Пытаюсь рассмеяться, но выходит лишь закашляться.
— Так, не делай резких движений, — Арчи вмиг становится серьёзным и поднимается. — Пойду, врача позову. И, Брэйн, пожалуйста… Ражи всего святого, не разнеси палату, полежи спокойно.
— Стой! Полина нашлась?
Это волнует меня больше всего в этом грёбаном мире. Сильнее всего, что только можно себе представить.
Арчи потирает шею и смотрит на меня, пытаясь быть серьёзным, но уголки губ предательски подрагивают.
— Врачи говорили, тебе нельзя волноваться.
— Отвечай, мать твою!
— Нашлась твоя Полина, не переживай. А сейчас полежи спокойно, не усугубляй, а то тебя к буйным психам увезут, допрыгаешься.
И выходит, а я прикрываю глаза, понимая, что в этот момент мне абсолютно на всё плевать: на боль, возможные последствия, прошлое и настоящее. Главное, что она нашлась.
Дальше всё как в тумане. Меня осматривают долбаным консилиумом, колят какую-то дрянь, даже, кажется, к кровати привязывают. Пытаюсь бороться, кого-то даже отпихиваю, но лекарство и санитары оказываются сильнее. Перед глазами мелькают расплывчатые образы, встревоженные взгляды прожигают насквозь. Я то вырубаюсь, то снова прихожу в себя, пока снова не получаю дозу забвения под кожу.
Снова какой-то шум, от которого хочется отгородиться, закрыть уши, заорать, чтобы сдыхать не мешали.
— Мне надо, впустите! — женский голос децибелами пронзает мозг, жилы скручивает в тугой узел.
Узнавание накрывает с головой. Да! Это она! Моя девочка…
— Не положено!
— Я уже трое суток под дверью торчу. Вы мне его увидеть не даёте, пустите.
Убью тварей, если не пустят её сейчас. Вот в себя приду и вырву им гланды.
— Только аккуратно, хорошо? Он спокойнее уже, но всё равно очень нестабильный.
— Разберусь, спасибо.
Хлопок двери, быстрые шаги и тёплая ладошка накрывает мою. Тихий вдох, всхлип, а пальцы дрожат.
— Па-аша, — полувздох, полушёпот. — Я убью тебя. Как только очнёшься, сразу убью.
— Не надо, — пытаюсь улыбнуться, но ничего не выходит, кожа на лице словно окаменела.

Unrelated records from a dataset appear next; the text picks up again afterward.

(* The regimes x \<ge> 1, e^-l \<le> x < 1 and x < e^-l give a majorant that is summable in l
   along any z \<in> X0plus (with B = rho z). *)
lemma abs_mult_ln_le:
  fixes x B :: real
  assumes "0 \<le> x" "x \<le> B"
  shows "\<bar>x * ln x\<bar> \<le> (real l + B) * x + 2 * exp (-1/2) ^ l"
proof -
  have e: "0 \<le> exp (-1/2::real) ^ l" by simp
  consider "x = 0" | "1 \<le> x" | "exp (- real l) \<le> x" "x < 1" | "0 < x" "x < exp (- real l)"
    using assms(1) by force
  then show ?thesis
  proof cases
    case 1
    then show ?thesis by simp
  next
    case 2
    have "\<bar>x * ln x\<bar> = x * ln x"
      using 2 by simp
    also have "\<dots> \<le> x * (x - 1)"
      using 2 by (intro mult_left_mono ln_le_minus_one) auto
    also have "\<dots> \<le> x * B"
      using 2 assms by (intro mult_left_mono) auto
    also have "\<dots> \<le> (real l + B) * x + 2 * exp (-1/2) ^ l"
      using assms e mult_nonneg_nonneg[of "real l" x] by (simp add: algebra_simps)
    finally show ?thesis .
  next
    case 3
    have "0 < x" using 3 by (meson exp_gt_zero less_le_trans)
    then have "- real l \<le> ln x" "ln x < 0"
      using 3 by (auto simp flip: ln_le_cancel_iff)
    then have "\<bar>x * ln x\<bar> = x * (- ln x)"
      using \<open>0 < x\<close> by (simp add: abs_mult)
    also have "\<dots> \<le> x * real l"
      using \<open>0 < x\<close> \<open>- real l \<le> ln x\<close> by (intro mult_left_mono) auto
    finally have "\<bar>x * ln x\<bar> \<le> real l * x"
      by (simp add: mult.commute)
    moreover have "0 \<le> B * x"
      using assms by simp
    ultimately show ?thesis
      using e unfolding distrib_right by linarith
  next
    case 4
    have "exp (- real l) \<le> 1" by simp
    then have "ln x < 0"
      using 4 by (intro ln_less_zero) linarith+
    have "exp (- real l) = (exp (-1/2) ^ l)\<^sup>2"
      by (simp flip: exp_of_nat_mult exp_add power2_eq_square)
    then have "sqrt (exp (- real l)) = exp (-1/2) ^ l"
      by simp
    then have "sqrt x \<le> exp (-1/2) ^ l"
      using 4 real_sqrt_le_mono[of x "exp (- real l)"] by simp
    then have "\<bar>x * ln x\<bar> \<le> 2 * exp (-1/2) ^ l"
      using minus_mult_ln_le_sqrt[OF \<open>0 < x\<close>] \<open>ln x < 0\<close> \<open>0 < x\<close>
      by (simp add: abs_mult)
    moreover have "0 \<le> (real l + B) * x"
      using assms by simp
    ultimately show ?thesis
      by linarith
  qed
qed
(* Let $r<s$ be positive integers with $r\ge 2$, and let $x$ be a non-negative integer whose $r$-canonical representation is $[x]^r=\binom{n}{r}+\binom{m}{r-1}+\binom{t}{r-2}$ (so $n>m>t$). Suppose there is an integer $w$ with $\binom{t}{r-2}=\binom{w}{r-1}$, $s-2>t$ and $s-1>w$. Then $$k_s(k_r\le x)=[x]^r_s=\binom{n}{s}+\binom{m}{s-1}.$$ Moreover, for every integer $y$ with $\binom{n}{r}+\binom{m}{r-1}\le y\le x$ we have $k_s(k_r\le y)=[y]^r_s=\binom{n}{s}+\binom{m}{s-1}$.
   Context: All graphs are finite simple graphs. For a graph $g$ and an integer $r>1$, $k_r(g)$ denotes the number of subgraphs of $g$ isomorphic to the complete graph $K_r$ (equivalently, the number of $r$-vertex cliques of $g$). For $r<s$ and a non-negative integer $x$, $k_s(k_r\le x)$ denotes the maximum of $k_s(g)$ over all graphs $g$ with $k_r(g)\le x$. The $r$-canonical representation $[x]^r$ of a non-negative integer $x$ is obtained greedily: choose $a_r$ as large as possible with $\binom{a_r}{r}\le x$, then $a_{r-1}$ as large as possible with $\binom{a_{r-1}}{r-1}\le x-\binom{a_r}{r}$, and so on, until $x=\binom{a_r}{r}+\binom{a_{r-1}}{r-1}+\dots+\binom{a_{r-j}}{r-j}$; one has $a_r>a_{r-1}>\dots>a_{r-j}$. For $r<s$, $[x]^r_s$ denotes the number obtained by replacing $r$ by $s$ in this representation: $[x]^r_s=\binom{a_r}{s}+\binom{a_{r-1}}{s-1}+\dots+\binom{a_{r-j}}{s-j}$. A binomial coefficient whose top entry is less than its bottom entry is taken to be $0$. *)

theory Defs
  imports Main
begin

type_synonym graph = "nat set \<times> nat set set"

definition is_graph :: "graph \<Rightarrow> bool" where
  "is_graph G \<longleftrightarrow> finite (fst G) \<and> (\<forall>e\<in>snd G. card e = 2 \<and> e \<subseteq> fst G)"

Она снова всхлипывает, на этот раз громче и дотрагивается пальцами до моей щёки. Робко, несмело, будто рассыпаться могу от любого неосторожного движения.
— Поцелуй меня, может, полегчает?
— Ты у нас спящая красавица? — смеётся, а голос дрожит, срывается. — Если я тебя поцелую, хуже не сделаю? Меня тогда грозная медсестра проклянёт.
Да клал я на весь мир.
— Я сдохну, если не поцелуешь. Выбирай сама.
Глаза удаётся всё-таки разлепить, даже голову повернуть получается, и я смотрю на Полину — такую маленькую, хрупкую, с огромными синими глазищами, в которых утонуть готов.
— Не бойся, детка, я не хрустальный.
Она рядом, а в жилах кровь вскипает. Я толком не знаю, что со мной, насколько сильно пострадал, но смотрю на Полину и горы свернуть хочется. Жаль, что желания и возможности вряд ли совпадут.
Она наклоняется ко мне, и прикасается лбом к моему. Наши глаза так близко, а воздух один на двоих, наэлектризован и искрит.
— Я так испугалась… — тихо, на выдохе. — Думала, с ума сойду, пока сюда ехала.
— Я бы не гонял, но…
— Молчи, не напрягайся. — Щеки мои гладит, лоб, глаза целует, а слёзы на кожу падают. — Я так виновата перед тобой, прости меня.
Прижимаю её к себе одной рукой (откуда только силы взялись?), а второй за подбородок беру и фиксирую, чтоб дёргаться не вздумала. Мне нужны её губы, чувствовать её нужно, потому что сердце разорвётся от прилива нежности.
Разговаривать будем потом. Сейчас она рядом, так близко, и тепло смуглой кожи обжигает. А пока мне больше ничего и не нужно.